Gather every line below where "fixes" appears.

::: Data shown

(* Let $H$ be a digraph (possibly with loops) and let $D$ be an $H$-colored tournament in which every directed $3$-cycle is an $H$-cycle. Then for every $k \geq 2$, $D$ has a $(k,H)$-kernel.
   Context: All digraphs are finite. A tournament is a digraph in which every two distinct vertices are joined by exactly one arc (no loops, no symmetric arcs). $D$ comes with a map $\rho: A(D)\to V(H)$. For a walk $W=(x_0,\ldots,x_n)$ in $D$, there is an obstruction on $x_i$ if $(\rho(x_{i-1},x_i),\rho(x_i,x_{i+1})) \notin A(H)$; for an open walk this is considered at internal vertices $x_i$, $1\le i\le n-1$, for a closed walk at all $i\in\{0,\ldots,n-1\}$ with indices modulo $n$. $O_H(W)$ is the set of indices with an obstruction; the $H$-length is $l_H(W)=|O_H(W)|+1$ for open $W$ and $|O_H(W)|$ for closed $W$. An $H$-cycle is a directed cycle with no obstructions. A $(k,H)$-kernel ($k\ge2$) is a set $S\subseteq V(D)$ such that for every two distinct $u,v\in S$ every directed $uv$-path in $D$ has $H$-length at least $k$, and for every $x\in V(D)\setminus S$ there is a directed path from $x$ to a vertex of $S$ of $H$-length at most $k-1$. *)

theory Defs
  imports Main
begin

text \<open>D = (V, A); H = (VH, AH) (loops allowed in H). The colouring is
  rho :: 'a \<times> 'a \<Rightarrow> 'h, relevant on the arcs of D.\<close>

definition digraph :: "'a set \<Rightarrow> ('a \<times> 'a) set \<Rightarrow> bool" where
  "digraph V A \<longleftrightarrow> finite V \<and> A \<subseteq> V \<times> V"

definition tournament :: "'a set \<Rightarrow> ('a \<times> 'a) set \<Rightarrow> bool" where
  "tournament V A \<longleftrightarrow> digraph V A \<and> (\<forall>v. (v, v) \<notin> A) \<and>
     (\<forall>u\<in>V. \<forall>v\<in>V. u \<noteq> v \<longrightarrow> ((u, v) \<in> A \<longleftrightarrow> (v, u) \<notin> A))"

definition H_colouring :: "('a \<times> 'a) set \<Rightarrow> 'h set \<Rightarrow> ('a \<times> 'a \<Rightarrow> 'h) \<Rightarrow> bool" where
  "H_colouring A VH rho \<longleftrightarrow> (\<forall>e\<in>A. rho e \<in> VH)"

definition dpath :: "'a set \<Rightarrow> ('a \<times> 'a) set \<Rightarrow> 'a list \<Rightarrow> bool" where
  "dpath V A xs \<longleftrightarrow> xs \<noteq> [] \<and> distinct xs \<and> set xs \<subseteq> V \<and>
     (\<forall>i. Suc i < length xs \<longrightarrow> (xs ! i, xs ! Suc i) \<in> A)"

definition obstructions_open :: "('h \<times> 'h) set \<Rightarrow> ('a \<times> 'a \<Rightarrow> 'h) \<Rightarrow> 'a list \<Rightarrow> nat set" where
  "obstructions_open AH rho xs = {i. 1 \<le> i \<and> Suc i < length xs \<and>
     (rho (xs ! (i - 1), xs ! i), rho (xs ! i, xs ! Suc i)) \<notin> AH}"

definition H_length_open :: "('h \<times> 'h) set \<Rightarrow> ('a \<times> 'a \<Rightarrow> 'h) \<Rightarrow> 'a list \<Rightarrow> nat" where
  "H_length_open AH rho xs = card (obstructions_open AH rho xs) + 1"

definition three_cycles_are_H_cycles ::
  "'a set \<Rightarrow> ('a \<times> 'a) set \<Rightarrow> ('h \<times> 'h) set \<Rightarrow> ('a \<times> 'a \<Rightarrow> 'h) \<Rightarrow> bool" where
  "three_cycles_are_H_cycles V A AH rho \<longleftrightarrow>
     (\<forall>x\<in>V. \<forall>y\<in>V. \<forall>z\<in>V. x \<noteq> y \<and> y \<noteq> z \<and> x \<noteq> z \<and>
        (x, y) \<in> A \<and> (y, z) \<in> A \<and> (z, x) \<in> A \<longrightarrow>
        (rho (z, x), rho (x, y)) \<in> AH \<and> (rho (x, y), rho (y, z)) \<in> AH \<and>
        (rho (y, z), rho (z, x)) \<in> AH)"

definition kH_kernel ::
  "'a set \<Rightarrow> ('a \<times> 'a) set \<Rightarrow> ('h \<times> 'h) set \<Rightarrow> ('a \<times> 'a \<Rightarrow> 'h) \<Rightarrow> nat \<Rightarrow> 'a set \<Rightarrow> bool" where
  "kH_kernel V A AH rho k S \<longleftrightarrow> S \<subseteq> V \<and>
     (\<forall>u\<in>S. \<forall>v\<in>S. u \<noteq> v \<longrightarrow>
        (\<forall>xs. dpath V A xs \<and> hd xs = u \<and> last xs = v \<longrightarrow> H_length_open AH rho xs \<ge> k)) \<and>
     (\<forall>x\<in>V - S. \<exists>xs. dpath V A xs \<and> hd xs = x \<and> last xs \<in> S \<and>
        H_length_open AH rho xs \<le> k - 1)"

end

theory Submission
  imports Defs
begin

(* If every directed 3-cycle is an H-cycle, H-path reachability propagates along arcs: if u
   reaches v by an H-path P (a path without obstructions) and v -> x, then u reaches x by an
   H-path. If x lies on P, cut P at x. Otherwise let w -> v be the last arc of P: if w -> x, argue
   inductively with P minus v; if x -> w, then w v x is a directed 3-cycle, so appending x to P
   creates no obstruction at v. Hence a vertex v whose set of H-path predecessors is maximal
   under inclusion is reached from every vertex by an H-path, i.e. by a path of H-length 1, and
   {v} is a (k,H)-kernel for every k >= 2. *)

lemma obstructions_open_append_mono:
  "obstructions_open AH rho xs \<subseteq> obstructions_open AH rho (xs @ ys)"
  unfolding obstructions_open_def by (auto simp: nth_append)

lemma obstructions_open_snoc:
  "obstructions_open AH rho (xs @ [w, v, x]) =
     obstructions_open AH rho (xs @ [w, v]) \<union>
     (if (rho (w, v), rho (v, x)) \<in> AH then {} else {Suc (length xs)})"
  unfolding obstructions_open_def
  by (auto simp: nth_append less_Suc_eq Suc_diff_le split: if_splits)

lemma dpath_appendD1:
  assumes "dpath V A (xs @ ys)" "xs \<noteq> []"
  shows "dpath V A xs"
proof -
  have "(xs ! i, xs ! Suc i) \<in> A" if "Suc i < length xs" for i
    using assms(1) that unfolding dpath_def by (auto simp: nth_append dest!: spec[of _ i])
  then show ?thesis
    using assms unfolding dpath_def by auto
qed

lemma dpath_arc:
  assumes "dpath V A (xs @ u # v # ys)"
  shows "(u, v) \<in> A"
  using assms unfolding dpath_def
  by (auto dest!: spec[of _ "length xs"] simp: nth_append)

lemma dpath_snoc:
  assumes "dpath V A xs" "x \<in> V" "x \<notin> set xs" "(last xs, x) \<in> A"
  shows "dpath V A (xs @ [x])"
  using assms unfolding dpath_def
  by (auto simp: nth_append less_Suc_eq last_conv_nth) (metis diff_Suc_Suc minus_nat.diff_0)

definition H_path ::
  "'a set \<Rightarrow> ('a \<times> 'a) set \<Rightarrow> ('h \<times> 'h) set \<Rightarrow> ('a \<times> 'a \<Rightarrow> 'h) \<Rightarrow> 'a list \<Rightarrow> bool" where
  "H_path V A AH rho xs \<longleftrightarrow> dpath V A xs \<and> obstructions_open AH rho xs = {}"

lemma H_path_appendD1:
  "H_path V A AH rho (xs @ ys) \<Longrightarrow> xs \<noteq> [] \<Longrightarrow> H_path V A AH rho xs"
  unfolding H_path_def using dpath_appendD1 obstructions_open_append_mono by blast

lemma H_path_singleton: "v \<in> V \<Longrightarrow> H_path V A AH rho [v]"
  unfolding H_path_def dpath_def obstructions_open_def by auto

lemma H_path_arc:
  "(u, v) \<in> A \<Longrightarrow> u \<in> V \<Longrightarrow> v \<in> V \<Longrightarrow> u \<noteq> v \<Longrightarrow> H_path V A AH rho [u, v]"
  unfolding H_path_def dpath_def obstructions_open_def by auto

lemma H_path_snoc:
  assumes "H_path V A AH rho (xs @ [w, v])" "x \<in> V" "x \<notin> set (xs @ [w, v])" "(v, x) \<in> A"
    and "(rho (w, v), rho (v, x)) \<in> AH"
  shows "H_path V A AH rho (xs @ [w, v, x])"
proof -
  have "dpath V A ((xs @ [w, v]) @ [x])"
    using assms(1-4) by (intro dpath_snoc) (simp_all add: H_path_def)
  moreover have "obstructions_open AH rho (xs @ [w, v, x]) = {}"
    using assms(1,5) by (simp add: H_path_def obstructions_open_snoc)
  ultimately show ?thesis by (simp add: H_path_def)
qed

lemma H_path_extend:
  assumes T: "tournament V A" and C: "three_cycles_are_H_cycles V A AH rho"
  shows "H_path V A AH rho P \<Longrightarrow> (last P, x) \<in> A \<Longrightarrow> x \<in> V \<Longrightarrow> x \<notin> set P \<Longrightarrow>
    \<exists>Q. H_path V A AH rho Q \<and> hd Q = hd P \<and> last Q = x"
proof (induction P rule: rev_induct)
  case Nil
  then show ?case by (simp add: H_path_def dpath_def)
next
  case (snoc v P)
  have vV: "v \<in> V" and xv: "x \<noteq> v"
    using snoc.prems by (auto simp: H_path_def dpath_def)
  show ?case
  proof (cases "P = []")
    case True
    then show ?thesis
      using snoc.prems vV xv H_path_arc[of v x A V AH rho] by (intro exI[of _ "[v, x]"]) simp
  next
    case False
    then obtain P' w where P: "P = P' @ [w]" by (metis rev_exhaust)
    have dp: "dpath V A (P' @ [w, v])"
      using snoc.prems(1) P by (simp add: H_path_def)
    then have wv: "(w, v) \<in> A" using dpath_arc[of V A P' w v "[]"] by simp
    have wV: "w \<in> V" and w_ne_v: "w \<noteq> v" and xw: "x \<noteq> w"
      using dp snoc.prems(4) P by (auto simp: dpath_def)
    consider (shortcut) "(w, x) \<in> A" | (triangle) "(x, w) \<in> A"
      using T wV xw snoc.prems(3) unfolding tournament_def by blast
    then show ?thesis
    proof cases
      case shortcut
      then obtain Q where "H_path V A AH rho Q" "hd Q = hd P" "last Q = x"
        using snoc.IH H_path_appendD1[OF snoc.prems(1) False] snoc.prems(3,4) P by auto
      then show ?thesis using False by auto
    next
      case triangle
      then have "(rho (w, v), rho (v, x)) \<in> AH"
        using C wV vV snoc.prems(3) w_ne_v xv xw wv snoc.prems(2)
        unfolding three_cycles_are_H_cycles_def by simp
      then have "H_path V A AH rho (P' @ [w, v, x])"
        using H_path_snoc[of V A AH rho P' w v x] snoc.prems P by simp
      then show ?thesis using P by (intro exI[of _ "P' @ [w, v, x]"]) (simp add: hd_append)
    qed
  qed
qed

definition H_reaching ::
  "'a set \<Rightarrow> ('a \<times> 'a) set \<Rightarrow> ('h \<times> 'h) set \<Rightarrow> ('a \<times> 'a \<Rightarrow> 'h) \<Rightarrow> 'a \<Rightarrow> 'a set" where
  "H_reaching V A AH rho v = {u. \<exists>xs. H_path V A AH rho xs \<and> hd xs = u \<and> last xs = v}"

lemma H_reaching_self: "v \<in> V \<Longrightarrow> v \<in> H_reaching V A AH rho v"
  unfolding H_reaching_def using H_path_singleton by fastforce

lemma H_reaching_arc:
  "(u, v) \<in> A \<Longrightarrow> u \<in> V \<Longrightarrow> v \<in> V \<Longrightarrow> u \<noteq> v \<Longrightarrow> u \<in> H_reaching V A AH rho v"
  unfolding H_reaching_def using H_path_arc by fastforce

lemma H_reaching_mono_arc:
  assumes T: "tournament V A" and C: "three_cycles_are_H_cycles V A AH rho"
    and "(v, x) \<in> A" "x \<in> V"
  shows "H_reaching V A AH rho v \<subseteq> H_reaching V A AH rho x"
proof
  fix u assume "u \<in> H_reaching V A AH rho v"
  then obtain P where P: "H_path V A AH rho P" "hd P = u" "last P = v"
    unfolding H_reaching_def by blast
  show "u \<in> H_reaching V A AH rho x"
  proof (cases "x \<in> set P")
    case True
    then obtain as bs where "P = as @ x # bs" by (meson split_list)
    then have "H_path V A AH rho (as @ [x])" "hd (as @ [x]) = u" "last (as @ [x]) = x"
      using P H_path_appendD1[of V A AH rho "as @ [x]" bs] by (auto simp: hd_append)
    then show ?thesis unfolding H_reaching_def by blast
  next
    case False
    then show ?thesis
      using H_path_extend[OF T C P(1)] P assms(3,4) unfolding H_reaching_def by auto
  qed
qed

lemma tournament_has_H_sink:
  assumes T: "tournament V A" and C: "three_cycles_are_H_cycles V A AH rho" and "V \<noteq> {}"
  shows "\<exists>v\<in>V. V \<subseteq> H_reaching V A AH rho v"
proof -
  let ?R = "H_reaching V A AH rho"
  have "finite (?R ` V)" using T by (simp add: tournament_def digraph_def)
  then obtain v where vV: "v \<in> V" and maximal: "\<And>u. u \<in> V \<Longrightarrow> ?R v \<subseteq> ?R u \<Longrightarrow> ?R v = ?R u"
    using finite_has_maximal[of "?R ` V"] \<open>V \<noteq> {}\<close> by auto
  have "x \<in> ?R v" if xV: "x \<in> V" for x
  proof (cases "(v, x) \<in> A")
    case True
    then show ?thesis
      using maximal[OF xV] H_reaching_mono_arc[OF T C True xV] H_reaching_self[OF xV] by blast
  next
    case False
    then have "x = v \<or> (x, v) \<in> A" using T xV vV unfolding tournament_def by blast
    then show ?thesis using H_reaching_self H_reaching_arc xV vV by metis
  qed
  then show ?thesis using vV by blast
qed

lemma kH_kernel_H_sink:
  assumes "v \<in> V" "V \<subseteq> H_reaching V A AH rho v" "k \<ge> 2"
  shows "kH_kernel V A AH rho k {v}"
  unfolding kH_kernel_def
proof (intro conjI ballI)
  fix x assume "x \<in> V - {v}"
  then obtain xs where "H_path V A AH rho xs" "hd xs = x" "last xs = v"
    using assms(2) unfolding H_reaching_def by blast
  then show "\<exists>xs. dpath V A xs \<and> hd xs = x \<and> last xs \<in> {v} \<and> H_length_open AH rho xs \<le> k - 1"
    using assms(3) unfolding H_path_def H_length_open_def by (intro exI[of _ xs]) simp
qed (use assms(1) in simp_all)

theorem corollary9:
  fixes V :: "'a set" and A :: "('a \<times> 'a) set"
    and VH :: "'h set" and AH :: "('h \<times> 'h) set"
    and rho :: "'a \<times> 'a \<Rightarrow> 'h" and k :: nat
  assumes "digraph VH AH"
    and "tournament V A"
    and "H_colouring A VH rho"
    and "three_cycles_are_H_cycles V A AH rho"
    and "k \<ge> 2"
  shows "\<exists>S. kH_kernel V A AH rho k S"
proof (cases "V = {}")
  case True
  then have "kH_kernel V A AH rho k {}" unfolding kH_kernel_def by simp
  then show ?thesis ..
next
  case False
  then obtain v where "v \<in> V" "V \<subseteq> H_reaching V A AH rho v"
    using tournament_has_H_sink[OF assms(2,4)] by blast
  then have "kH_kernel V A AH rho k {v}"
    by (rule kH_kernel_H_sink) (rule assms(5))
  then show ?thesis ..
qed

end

::::::
::: Data shown

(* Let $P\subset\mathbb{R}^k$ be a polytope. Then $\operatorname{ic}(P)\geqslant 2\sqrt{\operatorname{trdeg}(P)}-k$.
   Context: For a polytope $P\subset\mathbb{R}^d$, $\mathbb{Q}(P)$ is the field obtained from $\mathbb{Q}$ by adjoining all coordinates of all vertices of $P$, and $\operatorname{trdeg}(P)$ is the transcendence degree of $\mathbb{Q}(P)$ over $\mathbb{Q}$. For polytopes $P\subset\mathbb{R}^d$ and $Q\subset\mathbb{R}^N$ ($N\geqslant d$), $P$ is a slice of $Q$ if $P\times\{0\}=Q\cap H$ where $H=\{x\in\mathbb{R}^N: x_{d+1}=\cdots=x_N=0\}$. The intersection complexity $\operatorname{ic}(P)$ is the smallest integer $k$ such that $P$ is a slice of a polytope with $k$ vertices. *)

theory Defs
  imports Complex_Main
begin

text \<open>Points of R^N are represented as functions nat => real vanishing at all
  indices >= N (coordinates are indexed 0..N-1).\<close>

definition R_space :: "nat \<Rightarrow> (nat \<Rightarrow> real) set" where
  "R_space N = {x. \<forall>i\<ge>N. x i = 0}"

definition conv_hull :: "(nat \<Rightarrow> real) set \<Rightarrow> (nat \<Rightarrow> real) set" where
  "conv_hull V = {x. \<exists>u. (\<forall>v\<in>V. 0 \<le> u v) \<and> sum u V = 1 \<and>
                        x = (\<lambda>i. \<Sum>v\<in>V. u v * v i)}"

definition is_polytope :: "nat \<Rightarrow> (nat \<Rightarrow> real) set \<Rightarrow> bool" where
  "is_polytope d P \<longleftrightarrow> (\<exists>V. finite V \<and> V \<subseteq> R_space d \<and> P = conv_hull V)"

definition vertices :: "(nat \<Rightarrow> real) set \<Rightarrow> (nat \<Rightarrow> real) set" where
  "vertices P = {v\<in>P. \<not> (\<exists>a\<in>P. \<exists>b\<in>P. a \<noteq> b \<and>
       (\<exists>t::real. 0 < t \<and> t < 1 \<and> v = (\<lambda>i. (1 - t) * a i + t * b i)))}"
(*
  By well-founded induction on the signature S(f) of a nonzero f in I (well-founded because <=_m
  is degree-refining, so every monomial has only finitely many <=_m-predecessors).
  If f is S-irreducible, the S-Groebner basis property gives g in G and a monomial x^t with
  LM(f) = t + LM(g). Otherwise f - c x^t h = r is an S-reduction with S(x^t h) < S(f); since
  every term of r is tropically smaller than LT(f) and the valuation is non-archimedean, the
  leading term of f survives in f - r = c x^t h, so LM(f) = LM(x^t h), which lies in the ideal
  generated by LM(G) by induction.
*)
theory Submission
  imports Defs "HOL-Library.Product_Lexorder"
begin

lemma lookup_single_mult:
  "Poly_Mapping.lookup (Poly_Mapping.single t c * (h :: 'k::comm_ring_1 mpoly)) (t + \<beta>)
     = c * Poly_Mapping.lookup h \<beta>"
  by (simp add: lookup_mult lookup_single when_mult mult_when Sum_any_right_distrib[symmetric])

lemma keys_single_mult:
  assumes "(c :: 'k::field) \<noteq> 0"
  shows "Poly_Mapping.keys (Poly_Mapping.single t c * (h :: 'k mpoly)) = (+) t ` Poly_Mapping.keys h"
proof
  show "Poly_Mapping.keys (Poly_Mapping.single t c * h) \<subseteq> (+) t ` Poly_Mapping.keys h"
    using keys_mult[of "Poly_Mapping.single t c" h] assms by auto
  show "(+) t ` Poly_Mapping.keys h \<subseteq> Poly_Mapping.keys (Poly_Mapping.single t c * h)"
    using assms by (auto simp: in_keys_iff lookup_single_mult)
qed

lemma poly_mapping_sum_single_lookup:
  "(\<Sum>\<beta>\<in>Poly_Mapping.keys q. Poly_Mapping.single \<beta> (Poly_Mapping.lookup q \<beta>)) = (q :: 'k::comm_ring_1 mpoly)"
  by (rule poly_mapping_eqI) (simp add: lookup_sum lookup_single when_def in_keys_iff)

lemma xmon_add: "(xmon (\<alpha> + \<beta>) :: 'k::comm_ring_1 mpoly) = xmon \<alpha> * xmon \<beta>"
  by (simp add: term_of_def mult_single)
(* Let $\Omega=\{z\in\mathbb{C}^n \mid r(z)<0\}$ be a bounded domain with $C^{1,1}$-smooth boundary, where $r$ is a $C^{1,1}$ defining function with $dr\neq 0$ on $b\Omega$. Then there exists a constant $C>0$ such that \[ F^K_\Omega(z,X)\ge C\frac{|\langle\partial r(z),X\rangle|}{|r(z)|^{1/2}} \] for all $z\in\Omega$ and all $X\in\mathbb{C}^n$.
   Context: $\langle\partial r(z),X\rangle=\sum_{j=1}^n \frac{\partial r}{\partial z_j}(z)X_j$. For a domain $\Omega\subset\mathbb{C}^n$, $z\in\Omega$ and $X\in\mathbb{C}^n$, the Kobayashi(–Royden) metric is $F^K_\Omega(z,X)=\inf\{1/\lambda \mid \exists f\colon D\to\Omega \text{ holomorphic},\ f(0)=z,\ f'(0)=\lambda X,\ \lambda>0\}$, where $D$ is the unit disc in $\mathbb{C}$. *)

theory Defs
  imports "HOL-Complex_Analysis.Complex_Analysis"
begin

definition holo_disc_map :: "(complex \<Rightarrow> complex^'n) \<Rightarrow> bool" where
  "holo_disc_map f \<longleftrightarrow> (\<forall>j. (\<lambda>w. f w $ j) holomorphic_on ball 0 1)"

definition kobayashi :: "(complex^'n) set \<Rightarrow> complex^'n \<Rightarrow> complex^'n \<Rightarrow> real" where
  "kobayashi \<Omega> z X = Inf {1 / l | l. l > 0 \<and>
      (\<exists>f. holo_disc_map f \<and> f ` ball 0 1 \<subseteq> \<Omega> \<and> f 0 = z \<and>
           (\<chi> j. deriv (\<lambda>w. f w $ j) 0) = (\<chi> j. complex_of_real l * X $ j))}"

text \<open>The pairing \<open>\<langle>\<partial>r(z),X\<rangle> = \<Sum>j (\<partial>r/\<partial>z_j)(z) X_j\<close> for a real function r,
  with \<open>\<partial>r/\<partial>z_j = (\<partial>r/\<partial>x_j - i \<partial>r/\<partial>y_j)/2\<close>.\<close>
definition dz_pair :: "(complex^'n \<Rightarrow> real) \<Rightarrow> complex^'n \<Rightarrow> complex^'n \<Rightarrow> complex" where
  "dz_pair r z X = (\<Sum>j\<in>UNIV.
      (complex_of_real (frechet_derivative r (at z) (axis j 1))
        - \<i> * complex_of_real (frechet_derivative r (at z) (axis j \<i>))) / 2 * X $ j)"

::::::
::: Data shown

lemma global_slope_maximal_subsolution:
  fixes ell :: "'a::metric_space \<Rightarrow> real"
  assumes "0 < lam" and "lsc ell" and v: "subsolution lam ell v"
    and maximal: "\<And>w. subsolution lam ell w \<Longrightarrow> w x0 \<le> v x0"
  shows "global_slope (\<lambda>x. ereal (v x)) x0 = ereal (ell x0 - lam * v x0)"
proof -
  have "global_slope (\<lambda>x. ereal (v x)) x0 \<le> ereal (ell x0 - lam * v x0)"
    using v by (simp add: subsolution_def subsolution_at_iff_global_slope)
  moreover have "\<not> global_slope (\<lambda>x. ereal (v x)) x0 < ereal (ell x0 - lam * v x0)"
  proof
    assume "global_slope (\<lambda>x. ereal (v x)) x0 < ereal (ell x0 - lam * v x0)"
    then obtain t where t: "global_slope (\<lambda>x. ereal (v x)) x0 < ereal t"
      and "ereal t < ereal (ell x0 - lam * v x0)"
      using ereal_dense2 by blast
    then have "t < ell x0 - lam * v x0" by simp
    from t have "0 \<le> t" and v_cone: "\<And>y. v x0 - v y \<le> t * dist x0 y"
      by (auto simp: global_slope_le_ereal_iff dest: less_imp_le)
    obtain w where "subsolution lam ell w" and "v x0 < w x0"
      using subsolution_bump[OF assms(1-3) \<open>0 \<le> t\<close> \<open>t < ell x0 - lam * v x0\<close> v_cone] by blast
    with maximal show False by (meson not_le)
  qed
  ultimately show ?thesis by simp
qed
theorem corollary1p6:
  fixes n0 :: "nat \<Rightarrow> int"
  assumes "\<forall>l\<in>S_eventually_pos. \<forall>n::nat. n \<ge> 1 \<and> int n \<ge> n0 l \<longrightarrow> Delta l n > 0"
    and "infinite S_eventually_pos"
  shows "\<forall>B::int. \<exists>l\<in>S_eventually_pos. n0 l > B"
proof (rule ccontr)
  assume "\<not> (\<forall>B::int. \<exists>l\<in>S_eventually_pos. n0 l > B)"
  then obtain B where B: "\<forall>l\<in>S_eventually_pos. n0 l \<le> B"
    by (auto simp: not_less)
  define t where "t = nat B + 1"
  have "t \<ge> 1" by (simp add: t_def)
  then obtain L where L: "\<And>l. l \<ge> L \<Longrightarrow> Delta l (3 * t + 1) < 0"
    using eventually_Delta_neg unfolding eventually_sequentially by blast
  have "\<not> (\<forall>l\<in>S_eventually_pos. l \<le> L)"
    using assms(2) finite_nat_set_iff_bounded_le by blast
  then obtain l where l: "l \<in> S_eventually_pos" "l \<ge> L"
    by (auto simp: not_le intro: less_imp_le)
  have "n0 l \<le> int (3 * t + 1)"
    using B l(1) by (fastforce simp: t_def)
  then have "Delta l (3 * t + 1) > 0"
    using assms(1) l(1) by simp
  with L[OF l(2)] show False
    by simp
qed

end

::::::

## Answer box
  fixes V :: "'a set" and A :: "('a \<times> 'a) set"
  fixes ell :: "'a::metric_space \<Rightarrow> real"
  fixes n0 :: "nat \<Rightarrow> int"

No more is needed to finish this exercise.